Given the lack of time available, governments had to react, and their approach is still reactive. In the UK and the US, political and economic pressures have also been in play. The UK, for example, was in the middle of Brexit negotiations when COVID-19 hit.

 Are there any examples of how these risk-sharing agreements would work, and are there any precedents from areas outside of vaccines? What types of “go/no go” gates should be in place to trigger key decisions? 

 This type of agreement is being seen in oncology and innovative therapies (e.g., cell and gene therapies).

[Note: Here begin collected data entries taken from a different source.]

text \<open>The derivative of \<open>taylor_coeff p \<alpha>\<close> at \<open>a\<close> in direction \<open>w\<close>, since
  \<open>\<partial>\<^sub>iP\<^sub>\<alpha> = (\<alpha>\<^sub>i + 1) P\<^bsub>\<alpha>+e\<^sub>i\<^esub>\<close>.\<close>
definition taylor_deriv ::
  "('v::finite, 'a::comm_ring_1) mpoly \<Rightarrow> ('v \<Rightarrow> nat) \<Rightarrow> ('v \<Rightarrow> 'a) \<Rightarrow> ('v \<Rightarrow> 'a) \<Rightarrow> 'a" where
  "taylor_deriv p \<alpha> a w =
     (\<Sum>\<delta>\<in>{\<delta> \<in> exp_box p. mon_deg \<delta> = 1}.
        of_nat (multi_choose (\<alpha> + \<delta>) \<alpha>) * taylor_coeff p (\<alpha> + \<delta>) a * mon_eval w \<delta>)"

lemma taylor_coeff_at_0: "taylor_coeff p \<alpha> 0 = Poly_Mapping.lookup p \<alpha>"
  by (simp add: taylor_coeff_def mon_eval_at_0 if_distrib[of "\<lambda>x. _ * x"] cong: if_cong)

lemma mp_eval_shift_coeff: "mp_eval (shift_coeff p q \<alpha>) v = taylor_coeff p \<alpha> v - Poly_Mapping.lookup q \<alpha>"
proof -
  have "mp_eval (shift_coeff p q \<alpha>) v
      = (\<Sum>\<delta>\<in>exp_box p. Poly_Mapping.lookup (shift_coeff p q \<alpha>) \<delta> * mon_eval v \<delta>)"
    by (rule mp_eval_superset[OF finite_exp_box keys_shift_coeff])
  then show ?thesis
    by (simp add: lookup_shift_coeff taylor_coeff_def left_diff_distrib sum_subtractf
        if_distrib[of "\<lambda>x. x * _"] cong: if_cong)
qed

lemma mp_eval_hom_comp_1_shift_coeff:
  "mp_eval (hom_comp 1 (shift_coeff p q \<alpha>)) w = taylor_deriv p \<alpha> 0 w"
proof -
  have "mp_eval (hom_comp 1 (shift_coeff p q \<alpha>)) w
      = (\<Sum>\<delta>\<in>{\<delta> \<in> exp_box p. mon_deg \<delta> = 1}.
           Poly_Mapping.lookup (hom_comp 1 (shift_coeff p q \<alpha>)) \<delta> * mon_eval w \<delta>)"
    using keys_hom_comp keys_shift_coeff by (intro mp_eval_superset) fastforce+
  also have "\<dots> = taylor_deriv p \<alpha> 0 w"
    unfolding taylor_deriv_def taylor_coeff_at_0
    by (intro sum.cong refl) (auto simp: lookup_hom_comp lookup_shift_coeff mon_deg_0_iff[symmetric])
  finally show ?thesis .
qed

lemma sum_le_splittings:
  fixes D :: "('v \<Rightarrow> nat) set" and f :: "('v \<Rightarrow> nat) \<Rightarrow> ('v \<Rightarrow> nat) \<Rightarrow> 'a::comm_monoid_add"
  assumes fin: "finite D"
    and down: "\<And>\<delta> \<gamma>. \<delta> \<in> D \<Longrightarrow> \<gamma> \<le> \<delta> \<Longrightarrow> \<gamma> \<in> D"
    and vanish: "\<And>\<gamma> \<eta>. \<gamma> + \<eta> \<notin> D \<Longrightarrow> f \<gamma> \<eta> = 0"
  shows "(\<Sum>\<delta>\<in>D. \<Sum>\<gamma>\<in>{\<gamma> \<in> D. \<gamma> \<le> \<delta>}. f \<gamma> (\<delta> - \<gamma>)) = (\<Sum>\<gamma>\<in>D. \<Sum>\<eta>\<in>D. f \<gamma> \<eta>)"
proof -
  have "(\<Sum>\<delta>\<in>{\<delta> \<in> D. \<gamma> \<le> \<delta>}. f \<gamma> (\<delta> - \<gamma>)) = (\<Sum>\<eta>\<in>D. f \<gamma> \<eta>)" if "\<gamma> \<in> D" for \<gamma>
  proof -
    have "(\<Sum>\<delta>\<in>{\<delta> \<in> D. \<gamma> \<le> \<delta>}. f \<gamma> (\<delta> - \<gamma>)) = (\<Sum>\<eta>\<in>{\<eta> \<in> D. \<gamma> + \<eta> \<in> D}. f \<gamma> \<eta>)"
      by (rule sum.reindex_bij_witness[where i = "\<lambda>\<eta>. \<gamma> + \<eta>" and j = "\<lambda>\<delta>. \<delta> - \<gamma>"])
        (auto simp: le_fun_def fun_eq_iff intro: down)
    also have "\<dots> = (\<Sum>\<eta>\<in>D. f \<gamma> \<eta>)"
      using fin vanish by (intro sum.mono_neutral_left) auto
    finally show ?thesis .
  qed
  moreover have "(\<Sum>\<delta>\<in>D. \<Sum>\<gamma>\<in>{\<gamma> \<in> D. \<gamma> \<le> \<delta>}. f \<gamma> (\<delta> - \<gamma>))
      = (\<Sum>\<gamma>\<in>D. \<Sum>\<delta>\<in>{\<delta> \<in> D. \<gamma> \<le> \<delta>}. f \<gamma> (\<delta> - \<gamma>))"
    by (rule sum.swap_restrict[OF fin fin])
  ultimately show ?thesis
    by simp
qed

lemma mon_eval_add:
  "mon_eval (a + b) \<delta>
     = (\<Sum>\<gamma>\<in>{\<gamma>. \<gamma> \<le> \<delta>}. of_nat (multi_choose \<delta> \<gamma>) * mon_eval b \<gamma> * mon_eval a (\<delta> - \<gamma>))"
  for a b :: "'v::finite \<Rightarrow> 'a::comm_semiring_1"
proof -
  have "mon_eval (a + b) \<delta> = (\<Prod>i\<in>UNIV. \<Sum>k\<le>\<delta> i. of_nat (\<delta> i choose k) * b i ^ k * a i ^ (\<delta> i - k))"
    unfolding mon_eval_def by (simp add: add.commute[of "a _"] binomial_ring)
  also have "\<dots> = (\<Sum>\<gamma>\<in>PiE UNIV (\<lambda>i. {..\<delta> i}).
      \<Prod>i\<in>UNIV. of_nat (\<delta> i choose \<gamma> i) * b i ^ \<gamma> i * a i ^ (\<delta> i - \<gamma> i))"
    by (rule prod_sum_PiE) auto
  finally show ?thesis
    by (simp add: PiE_atMost_eq multi_choose_def mon_eval_def prod.distrib of_nat_prod)
qed

lemma taylor_coeff_add:
  "taylor_coeff p \<alpha> (a + b)
     = (\<Sum>\<gamma>\<in>exp_box p. of_nat (multi_choose (\<alpha> + \<gamma>) \<alpha>) * taylor_coeff p (\<alpha> + \<gamma>) a * mon_eval b \<gamma>)"
proof -
  let ?B = "exp_box p"
  define f where "f \<gamma> \<eta> = of_nat (multi_choose (\<alpha> + \<gamma>) \<alpha> * multi_choose (\<alpha> + \<gamma> + \<eta>) (\<alpha> + \<gamma>))
      * Poly_Mapping.lookup p (\<alpha> + \<gamma> + \<eta>) * mon_eval a \<eta> * mon_eval b \<gamma>" for \<gamma> \<eta>
  have summand: "of_nat (multi_choose (\<alpha> + \<delta>) \<alpha>) * Poly_Mapping.lookup p (\<alpha> + \<delta>)
      * (of_nat (multi_choose \<delta> \<gamma>) * mon_eval b \<gamma> * mon_eval a (\<delta> - \<gamma>)) = f \<gamma> (\<delta> - \<gamma>)"
    if "\<gamma> \<le> \<delta>" for \<gamma> \<delta>
  proof -
    have "\<alpha> + \<gamma> + (\<delta> - \<gamma>) = \<alpha> + \<delta>"
      using that by (simp add: le_fun_def fun_eq_iff)
    then have "f \<gamma> (\<delta> - \<gamma>) = of_nat (multi_choose (\<alpha> + \<delta>) \<alpha> * multi_choose \<delta> \<gamma>)
        * Poly_Mapping.lookup p (\<alpha> + \<delta>) * mon_eval a (\<delta> - \<gamma>) * mon_eval b \<gamma>"
      unfolding f_def multi_choose_mult[OF that] by simp
    then show ?thesis
      by (simp add: ac_simps)
  qed
  have "taylor_coeff p \<alpha> (a + b) = (\<Sum>\<delta>\<in>?B. \<Sum>\<gamma>\<in>{\<gamma> \<in> ?B. \<gamma> \<le> \<delta>}. f \<gamma> (\<delta> - \<gamma>))"
    unfolding taylor_coeff_def mon_eval_add sum_distrib_left
  proof (intro sum.cong refl)
    fix \<delta> \<gamma> assume "\<delta> \<in> ?B"
    then show "{\<gamma>. \<gamma> \<le> \<delta>} = {\<gamma> \<in> ?B. \<gamma> \<le> \<delta>}"
      by (auto intro: exp_box_down_closed)
  qed (simp add: summand)
  also have "\<dots> = (\<Sum>\<gamma>\<in>?B. \<Sum>\<eta>\<in>?B. f \<gamma> \<eta>)"
  proof (rule sum_le_splittings)
    fix \<gamma> \<eta> assume "\<gamma> + \<eta> \<notin> ?B"
    then show "f \<gamma> \<eta> = 0"
      using lookup_outside_exp_box[of "\<gamma> + \<eta>" p \<alpha>] by (simp add: f_def add.assoc)
  qed (auto intro: exp_box_down_closed)
  also have "\<dots> = (\<Sum>\<gamma>\<in>?B. of_nat (multi_choose (\<alpha> + \<gamma>) \<alpha>) * taylor_coeff p (\<alpha> + \<gamma>) a * mon_eval b \<gamma>)"
    by (simp add: f_def taylor_coeff_def sum_distrib_left sum_distrib_right ac_simps)
  finally show ?thesis .
qed

lemma taylor_deriv_expansion:
  "taylor_deriv p \<alpha> a w
     = (\<Sum>\<eta>\<in>exp_box p. of_nat (multi_choose (\<alpha> + \<eta>) \<alpha>) * mon_eval a \<eta> * taylor_deriv p (\<alpha> + \<eta>) 0 w)"
proof -
  let ?B = "exp_box p" and ?B1 = "{\<delta> \<in> exp_box p. mon_deg \<delta> = 1}"
  have "taylor_deriv p \<alpha> a w = (\<Sum>\<delta>\<in>?B1. \<Sum>\<eta>\<in>?B.
      of_nat (multi_choose (\<alpha> + \<delta>) \<alpha> * multi_choose (\<alpha> + \<delta> + \<eta>) (\<alpha> + \<delta>))
      * Poly_Mapping.lookup p (\<alpha> + \<delta> + \<eta>) * mon_eval a \<eta> * mon_eval w \<delta>)"
    by (simp add: taylor_deriv_def taylor_coeff_def sum_distrib_left sum_distrib_right ac_simps)
  also have "\<dots> = (\<Sum>\<eta>\<in>?B. \<Sum>\<delta>\<in>?B1.
      of_nat (multi_choose (\<alpha> + \<eta>) \<alpha> * multi_choose (\<alpha> + \<eta> + \<delta>) (\<alpha> + \<eta>))
      * Poly_Mapping.lookup p (\<alpha> + \<eta> + \<delta>) * mon_eval a \<eta> * mon_eval w \<delta>)"
  proof (subst sum.swap, intro sum.cong refl)
    fix \<eta> \<delta>
    show "of_nat (multi_choose (\<alpha> + \<delta>) \<alpha> * multi_choose (\<alpha> + \<delta> + \<eta>) (\<alpha> + \<delta>))
        * Poly_Mapping.lookup p (\<alpha> + \<delta> + \<eta>) * mon_eval a \<eta> * mon_eval w \<delta>
      = of_nat (multi_choose (\<alpha> + \<eta>) \<alpha> * multi_choose (\<alpha> + \<eta> + \<delta>) (\<alpha> + \<eta>))
        * Poly_Mapping.lookup p (\<alpha> + \<eta> + \<delta>) * mon_eval a \<eta> * mon_eval w \<delta>"
      unfolding multi_choose_swap[of \<alpha> \<delta> \<eta>] by (simp only: add.assoc add.commute[of \<delta> \<eta>])
  qed
  also have "\<dots> = (\<Sum>\<eta>\<in>?B. of_nat (multi_choose (\<alpha> + \<eta>) \<alpha>) * mon_eval a \<eta> * taylor_deriv p (\<alpha> + \<eta>) 0 w)"
    by (simp add: taylor_deriv_def taylor_coeff_at_0 sum_distrib_left ac_simps)
  finally show ?thesis .
qed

The challenge in adapting such models for COVID-19 vaccines is the fact that the vaccine development timeframes are so short and steps have had to be vastly compressed. It isn’t possible to have a full and clear understanding of the vaccines’ clinical effects because data available will be limited. As a result, agreements would need to link the risk to specific efficacy outcomes that will be learned once the vaccines are on the market.They would have to be linked to real-world evidence since, at the time of launch, the full standard package of clinical data won’t be available.

 A good idea to consider would be staggered payments triggered by specific milestones (e.g., linking a portion of payment to post-approval, post-launch, and real-world data).Payments could also be linked to approvals at different time points (e.g., getting Emergency Use Authorization or conditional approval and even to positive Phase III data).

Charles River Associates analysts see risk-sharing as the key to improving vaccine availability and access.